EXERCISE INSTRUCTIONS:
Give again, word for word, every line below from the one that has "are represented by" through the one that has "A $ i $ j) \<in>", both included, and no others.

RECORD EXCERPTS:
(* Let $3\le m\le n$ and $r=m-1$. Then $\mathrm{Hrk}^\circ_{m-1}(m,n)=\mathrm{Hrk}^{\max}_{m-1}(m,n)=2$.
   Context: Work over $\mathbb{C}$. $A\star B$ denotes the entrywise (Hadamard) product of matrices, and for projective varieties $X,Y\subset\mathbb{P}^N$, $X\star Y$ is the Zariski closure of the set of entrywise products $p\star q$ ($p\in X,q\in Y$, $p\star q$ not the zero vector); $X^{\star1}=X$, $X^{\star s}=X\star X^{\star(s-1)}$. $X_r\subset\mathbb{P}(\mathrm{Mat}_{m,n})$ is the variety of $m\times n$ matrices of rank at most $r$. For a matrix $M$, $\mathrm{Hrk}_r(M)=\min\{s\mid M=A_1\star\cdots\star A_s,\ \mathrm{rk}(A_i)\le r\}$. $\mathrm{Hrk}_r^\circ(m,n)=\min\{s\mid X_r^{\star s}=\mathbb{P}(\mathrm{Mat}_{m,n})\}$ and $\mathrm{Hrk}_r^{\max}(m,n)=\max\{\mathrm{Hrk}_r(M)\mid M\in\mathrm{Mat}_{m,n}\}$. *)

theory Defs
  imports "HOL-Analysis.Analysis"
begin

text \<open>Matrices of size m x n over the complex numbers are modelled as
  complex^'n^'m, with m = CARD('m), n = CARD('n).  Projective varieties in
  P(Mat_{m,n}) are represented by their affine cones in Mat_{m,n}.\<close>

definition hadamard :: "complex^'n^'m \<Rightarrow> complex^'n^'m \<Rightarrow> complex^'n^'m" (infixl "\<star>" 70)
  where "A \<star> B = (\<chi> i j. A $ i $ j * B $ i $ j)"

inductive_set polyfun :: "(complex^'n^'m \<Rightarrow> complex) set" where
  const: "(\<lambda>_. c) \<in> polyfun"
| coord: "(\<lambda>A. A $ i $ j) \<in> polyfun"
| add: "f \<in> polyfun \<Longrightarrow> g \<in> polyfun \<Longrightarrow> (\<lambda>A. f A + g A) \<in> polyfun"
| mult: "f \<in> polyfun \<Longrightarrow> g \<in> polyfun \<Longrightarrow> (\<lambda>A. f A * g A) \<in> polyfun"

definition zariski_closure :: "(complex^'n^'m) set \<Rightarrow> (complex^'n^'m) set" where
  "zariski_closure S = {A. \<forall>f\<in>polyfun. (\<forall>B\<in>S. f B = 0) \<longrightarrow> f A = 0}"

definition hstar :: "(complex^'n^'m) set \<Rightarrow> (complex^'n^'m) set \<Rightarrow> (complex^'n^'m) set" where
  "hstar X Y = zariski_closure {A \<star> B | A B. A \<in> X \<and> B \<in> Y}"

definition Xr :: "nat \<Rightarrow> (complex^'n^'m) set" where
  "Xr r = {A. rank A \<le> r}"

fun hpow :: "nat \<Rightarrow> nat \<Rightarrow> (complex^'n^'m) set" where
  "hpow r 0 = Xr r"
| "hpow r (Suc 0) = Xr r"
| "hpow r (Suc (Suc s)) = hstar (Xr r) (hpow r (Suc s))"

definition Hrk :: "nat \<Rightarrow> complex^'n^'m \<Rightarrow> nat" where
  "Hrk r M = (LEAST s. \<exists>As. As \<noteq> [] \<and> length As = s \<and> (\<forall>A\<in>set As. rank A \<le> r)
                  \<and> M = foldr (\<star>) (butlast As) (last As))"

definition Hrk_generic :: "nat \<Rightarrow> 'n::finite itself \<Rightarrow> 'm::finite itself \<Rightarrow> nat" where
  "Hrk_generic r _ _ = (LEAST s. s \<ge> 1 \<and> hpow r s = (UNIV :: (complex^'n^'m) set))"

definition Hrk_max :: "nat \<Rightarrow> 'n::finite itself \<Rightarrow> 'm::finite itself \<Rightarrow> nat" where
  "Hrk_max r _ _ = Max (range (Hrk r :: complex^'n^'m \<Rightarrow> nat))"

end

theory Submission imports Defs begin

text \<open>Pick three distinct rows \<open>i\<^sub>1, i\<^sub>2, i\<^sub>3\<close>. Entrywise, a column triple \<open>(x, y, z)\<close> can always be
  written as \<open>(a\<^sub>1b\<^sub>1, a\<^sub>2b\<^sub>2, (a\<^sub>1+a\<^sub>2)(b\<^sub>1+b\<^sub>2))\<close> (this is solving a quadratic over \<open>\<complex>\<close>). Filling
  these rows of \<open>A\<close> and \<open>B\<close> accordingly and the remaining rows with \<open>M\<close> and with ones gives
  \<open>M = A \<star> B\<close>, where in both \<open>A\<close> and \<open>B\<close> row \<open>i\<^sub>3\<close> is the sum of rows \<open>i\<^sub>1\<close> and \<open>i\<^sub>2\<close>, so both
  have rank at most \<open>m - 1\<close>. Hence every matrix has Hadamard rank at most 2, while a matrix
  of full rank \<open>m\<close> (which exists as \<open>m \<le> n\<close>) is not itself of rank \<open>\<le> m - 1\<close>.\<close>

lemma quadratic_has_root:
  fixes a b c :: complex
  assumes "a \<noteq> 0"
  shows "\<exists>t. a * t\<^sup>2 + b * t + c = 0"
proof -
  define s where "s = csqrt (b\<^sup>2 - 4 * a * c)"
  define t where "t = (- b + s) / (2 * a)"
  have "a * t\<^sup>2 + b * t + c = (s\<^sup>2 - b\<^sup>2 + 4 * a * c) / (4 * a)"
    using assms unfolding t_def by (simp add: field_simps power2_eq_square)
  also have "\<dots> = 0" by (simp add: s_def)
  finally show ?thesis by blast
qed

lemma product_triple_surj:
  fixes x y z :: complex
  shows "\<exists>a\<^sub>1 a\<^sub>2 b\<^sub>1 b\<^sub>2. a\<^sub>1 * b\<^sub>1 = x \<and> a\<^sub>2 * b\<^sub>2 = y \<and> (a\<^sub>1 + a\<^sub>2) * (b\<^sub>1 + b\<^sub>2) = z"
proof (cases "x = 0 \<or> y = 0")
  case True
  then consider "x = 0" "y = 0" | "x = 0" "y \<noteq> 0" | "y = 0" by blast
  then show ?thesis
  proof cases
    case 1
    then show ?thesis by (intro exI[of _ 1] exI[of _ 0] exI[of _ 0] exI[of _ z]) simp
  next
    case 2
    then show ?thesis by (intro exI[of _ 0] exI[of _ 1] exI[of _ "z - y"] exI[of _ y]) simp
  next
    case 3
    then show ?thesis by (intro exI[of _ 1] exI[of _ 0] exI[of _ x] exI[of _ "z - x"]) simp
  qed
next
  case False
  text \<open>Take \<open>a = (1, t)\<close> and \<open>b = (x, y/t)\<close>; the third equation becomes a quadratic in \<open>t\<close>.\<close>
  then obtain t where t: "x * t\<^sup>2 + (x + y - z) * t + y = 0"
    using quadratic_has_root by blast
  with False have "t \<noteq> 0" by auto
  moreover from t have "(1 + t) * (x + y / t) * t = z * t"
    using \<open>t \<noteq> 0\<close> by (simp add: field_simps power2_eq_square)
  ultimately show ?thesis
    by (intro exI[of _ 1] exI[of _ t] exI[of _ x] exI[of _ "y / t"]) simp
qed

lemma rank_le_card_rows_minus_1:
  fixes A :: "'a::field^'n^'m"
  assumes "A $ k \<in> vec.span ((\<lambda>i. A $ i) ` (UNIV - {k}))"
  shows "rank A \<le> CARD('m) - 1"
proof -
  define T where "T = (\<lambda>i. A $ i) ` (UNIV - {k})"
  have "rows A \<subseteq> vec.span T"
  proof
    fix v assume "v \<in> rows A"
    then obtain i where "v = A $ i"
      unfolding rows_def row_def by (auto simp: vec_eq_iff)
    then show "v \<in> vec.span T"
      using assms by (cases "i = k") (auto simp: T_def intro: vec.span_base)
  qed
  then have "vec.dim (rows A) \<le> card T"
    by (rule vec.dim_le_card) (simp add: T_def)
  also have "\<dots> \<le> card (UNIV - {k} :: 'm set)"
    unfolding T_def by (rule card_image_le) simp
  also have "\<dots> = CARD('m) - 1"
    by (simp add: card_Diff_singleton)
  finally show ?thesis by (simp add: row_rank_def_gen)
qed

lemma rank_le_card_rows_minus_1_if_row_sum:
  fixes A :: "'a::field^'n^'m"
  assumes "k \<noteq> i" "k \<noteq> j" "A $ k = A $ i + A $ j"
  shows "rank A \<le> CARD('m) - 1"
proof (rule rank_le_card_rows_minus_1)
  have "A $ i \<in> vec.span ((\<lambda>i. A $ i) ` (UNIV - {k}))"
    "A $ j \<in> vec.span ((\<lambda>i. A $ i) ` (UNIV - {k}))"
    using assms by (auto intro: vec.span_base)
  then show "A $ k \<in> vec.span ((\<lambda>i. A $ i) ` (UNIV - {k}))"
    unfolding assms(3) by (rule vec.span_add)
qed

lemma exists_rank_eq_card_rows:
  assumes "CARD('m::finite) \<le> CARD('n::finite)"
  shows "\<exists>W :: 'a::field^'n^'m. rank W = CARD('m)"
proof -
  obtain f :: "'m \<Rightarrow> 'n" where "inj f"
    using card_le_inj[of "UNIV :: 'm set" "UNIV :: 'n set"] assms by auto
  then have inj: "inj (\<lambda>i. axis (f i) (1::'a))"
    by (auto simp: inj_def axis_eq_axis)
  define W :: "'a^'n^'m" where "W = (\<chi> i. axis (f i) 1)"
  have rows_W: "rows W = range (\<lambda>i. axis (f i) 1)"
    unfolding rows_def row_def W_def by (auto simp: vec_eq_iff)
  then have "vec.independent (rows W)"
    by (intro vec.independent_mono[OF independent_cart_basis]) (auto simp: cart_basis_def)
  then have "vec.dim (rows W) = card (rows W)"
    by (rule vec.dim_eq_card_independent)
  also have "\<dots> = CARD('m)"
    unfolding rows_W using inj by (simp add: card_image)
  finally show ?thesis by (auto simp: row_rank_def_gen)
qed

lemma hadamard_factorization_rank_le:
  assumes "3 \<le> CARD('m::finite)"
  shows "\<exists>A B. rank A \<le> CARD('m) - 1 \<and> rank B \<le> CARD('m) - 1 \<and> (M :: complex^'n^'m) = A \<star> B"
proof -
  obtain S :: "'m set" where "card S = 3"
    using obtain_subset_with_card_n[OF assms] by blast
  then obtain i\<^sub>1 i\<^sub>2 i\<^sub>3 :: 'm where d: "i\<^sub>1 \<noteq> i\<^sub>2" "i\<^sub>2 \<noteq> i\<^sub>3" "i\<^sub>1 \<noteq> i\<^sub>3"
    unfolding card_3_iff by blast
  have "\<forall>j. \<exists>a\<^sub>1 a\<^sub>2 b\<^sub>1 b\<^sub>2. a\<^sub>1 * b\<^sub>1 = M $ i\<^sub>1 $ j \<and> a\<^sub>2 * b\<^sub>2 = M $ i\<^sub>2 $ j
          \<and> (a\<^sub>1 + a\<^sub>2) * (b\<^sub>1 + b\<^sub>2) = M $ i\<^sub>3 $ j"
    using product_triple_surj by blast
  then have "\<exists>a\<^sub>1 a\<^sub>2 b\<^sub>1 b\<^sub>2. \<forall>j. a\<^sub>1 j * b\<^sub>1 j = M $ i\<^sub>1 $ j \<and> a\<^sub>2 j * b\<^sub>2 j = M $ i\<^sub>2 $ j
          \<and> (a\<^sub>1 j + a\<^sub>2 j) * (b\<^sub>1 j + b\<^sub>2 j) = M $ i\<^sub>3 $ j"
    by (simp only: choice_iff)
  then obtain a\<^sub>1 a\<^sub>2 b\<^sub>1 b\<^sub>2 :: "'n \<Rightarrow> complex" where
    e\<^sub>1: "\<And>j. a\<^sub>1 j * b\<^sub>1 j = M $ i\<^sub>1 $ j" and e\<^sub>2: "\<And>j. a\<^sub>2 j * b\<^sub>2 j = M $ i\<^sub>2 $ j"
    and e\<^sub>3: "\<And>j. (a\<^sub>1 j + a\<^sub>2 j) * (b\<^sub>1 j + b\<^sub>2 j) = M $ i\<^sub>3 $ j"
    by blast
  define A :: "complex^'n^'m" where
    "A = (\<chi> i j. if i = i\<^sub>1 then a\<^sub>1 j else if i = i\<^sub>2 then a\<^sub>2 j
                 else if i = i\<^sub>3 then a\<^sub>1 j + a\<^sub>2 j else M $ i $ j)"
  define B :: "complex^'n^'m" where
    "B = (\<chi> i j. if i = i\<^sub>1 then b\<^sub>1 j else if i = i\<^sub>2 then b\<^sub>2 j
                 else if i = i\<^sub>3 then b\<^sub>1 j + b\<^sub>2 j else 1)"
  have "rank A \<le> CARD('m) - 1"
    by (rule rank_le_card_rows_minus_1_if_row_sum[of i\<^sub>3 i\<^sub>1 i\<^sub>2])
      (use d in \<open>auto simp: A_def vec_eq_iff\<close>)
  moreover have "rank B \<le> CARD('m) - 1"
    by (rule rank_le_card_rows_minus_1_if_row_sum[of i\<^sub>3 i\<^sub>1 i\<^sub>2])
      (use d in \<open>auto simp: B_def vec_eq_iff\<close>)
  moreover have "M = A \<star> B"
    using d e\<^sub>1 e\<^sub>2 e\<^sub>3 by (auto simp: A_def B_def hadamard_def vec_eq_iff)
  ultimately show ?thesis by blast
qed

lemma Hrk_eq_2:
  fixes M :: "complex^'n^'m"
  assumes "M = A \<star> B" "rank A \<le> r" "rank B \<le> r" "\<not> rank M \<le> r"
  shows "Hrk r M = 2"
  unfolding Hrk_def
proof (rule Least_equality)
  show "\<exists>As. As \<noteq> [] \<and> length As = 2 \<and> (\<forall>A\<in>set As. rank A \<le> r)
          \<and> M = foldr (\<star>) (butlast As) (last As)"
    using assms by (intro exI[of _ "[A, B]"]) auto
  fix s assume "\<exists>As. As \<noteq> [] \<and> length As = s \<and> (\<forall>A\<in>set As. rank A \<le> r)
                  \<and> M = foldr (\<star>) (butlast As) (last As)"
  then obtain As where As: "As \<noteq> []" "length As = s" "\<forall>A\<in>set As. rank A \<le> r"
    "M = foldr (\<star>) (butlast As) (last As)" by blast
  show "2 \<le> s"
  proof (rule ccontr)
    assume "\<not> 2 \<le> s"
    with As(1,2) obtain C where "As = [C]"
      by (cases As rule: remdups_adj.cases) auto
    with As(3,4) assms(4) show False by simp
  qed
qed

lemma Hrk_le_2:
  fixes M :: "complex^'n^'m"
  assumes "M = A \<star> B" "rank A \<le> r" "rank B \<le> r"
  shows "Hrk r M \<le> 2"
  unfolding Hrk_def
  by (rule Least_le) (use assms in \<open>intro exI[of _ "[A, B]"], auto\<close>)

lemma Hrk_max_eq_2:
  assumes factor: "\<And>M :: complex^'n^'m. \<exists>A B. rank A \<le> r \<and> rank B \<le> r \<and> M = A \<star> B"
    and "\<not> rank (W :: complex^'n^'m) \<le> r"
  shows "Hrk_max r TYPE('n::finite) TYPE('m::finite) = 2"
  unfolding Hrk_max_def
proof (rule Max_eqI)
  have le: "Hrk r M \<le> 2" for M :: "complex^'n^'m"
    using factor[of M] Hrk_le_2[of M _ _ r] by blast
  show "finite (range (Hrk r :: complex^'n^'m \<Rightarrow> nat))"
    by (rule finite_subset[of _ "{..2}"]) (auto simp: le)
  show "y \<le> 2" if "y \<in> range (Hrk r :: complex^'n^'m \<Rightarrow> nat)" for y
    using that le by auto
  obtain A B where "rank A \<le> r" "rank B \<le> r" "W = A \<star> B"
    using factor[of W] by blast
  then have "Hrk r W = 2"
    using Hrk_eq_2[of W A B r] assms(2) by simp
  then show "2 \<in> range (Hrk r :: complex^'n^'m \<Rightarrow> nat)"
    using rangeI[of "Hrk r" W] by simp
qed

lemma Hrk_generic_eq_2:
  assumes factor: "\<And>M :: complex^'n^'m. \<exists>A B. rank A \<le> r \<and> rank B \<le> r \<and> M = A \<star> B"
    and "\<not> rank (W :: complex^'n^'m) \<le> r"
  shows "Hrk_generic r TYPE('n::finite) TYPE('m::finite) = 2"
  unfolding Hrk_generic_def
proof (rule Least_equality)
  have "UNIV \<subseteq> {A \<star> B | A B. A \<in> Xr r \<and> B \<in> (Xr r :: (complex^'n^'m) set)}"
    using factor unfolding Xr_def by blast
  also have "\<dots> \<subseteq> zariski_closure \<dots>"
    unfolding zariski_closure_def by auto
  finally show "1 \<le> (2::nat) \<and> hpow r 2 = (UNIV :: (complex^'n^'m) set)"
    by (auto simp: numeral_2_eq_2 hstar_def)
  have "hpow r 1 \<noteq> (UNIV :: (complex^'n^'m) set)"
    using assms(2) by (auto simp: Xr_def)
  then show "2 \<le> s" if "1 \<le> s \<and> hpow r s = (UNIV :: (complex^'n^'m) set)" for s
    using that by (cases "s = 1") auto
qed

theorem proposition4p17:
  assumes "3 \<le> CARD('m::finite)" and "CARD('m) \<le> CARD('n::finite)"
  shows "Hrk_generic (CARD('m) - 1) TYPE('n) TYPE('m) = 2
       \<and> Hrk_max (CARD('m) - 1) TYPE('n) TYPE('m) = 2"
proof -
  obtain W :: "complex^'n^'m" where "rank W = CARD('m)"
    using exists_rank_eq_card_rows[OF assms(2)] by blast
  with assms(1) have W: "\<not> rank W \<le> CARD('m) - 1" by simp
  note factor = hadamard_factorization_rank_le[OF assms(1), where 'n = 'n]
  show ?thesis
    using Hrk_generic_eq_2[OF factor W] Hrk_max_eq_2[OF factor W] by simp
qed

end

RESULT FOR THIS EXERCISE:
  P(Mat_{m,n}) are represented by their affine cones in Mat_{m,n}.\<close>

definition hadamard :: "complex^'n^'m \<Rightarrow> complex^'n^'m \<Rightarrow> complex^'n^'m" (infixl "\<star>" 70)
  where "A \<star> B = (\<chi> i j. A $ i $ j * B $ i $ j)"

inductive_set polyfun :: "(complex^'n^'m \<Rightarrow> complex) set" where
  const: "(\<lambda>_. c) \<in> polyfun"
| coord: "(\<lambda>A. A $ i $ j) \<in> polyfun"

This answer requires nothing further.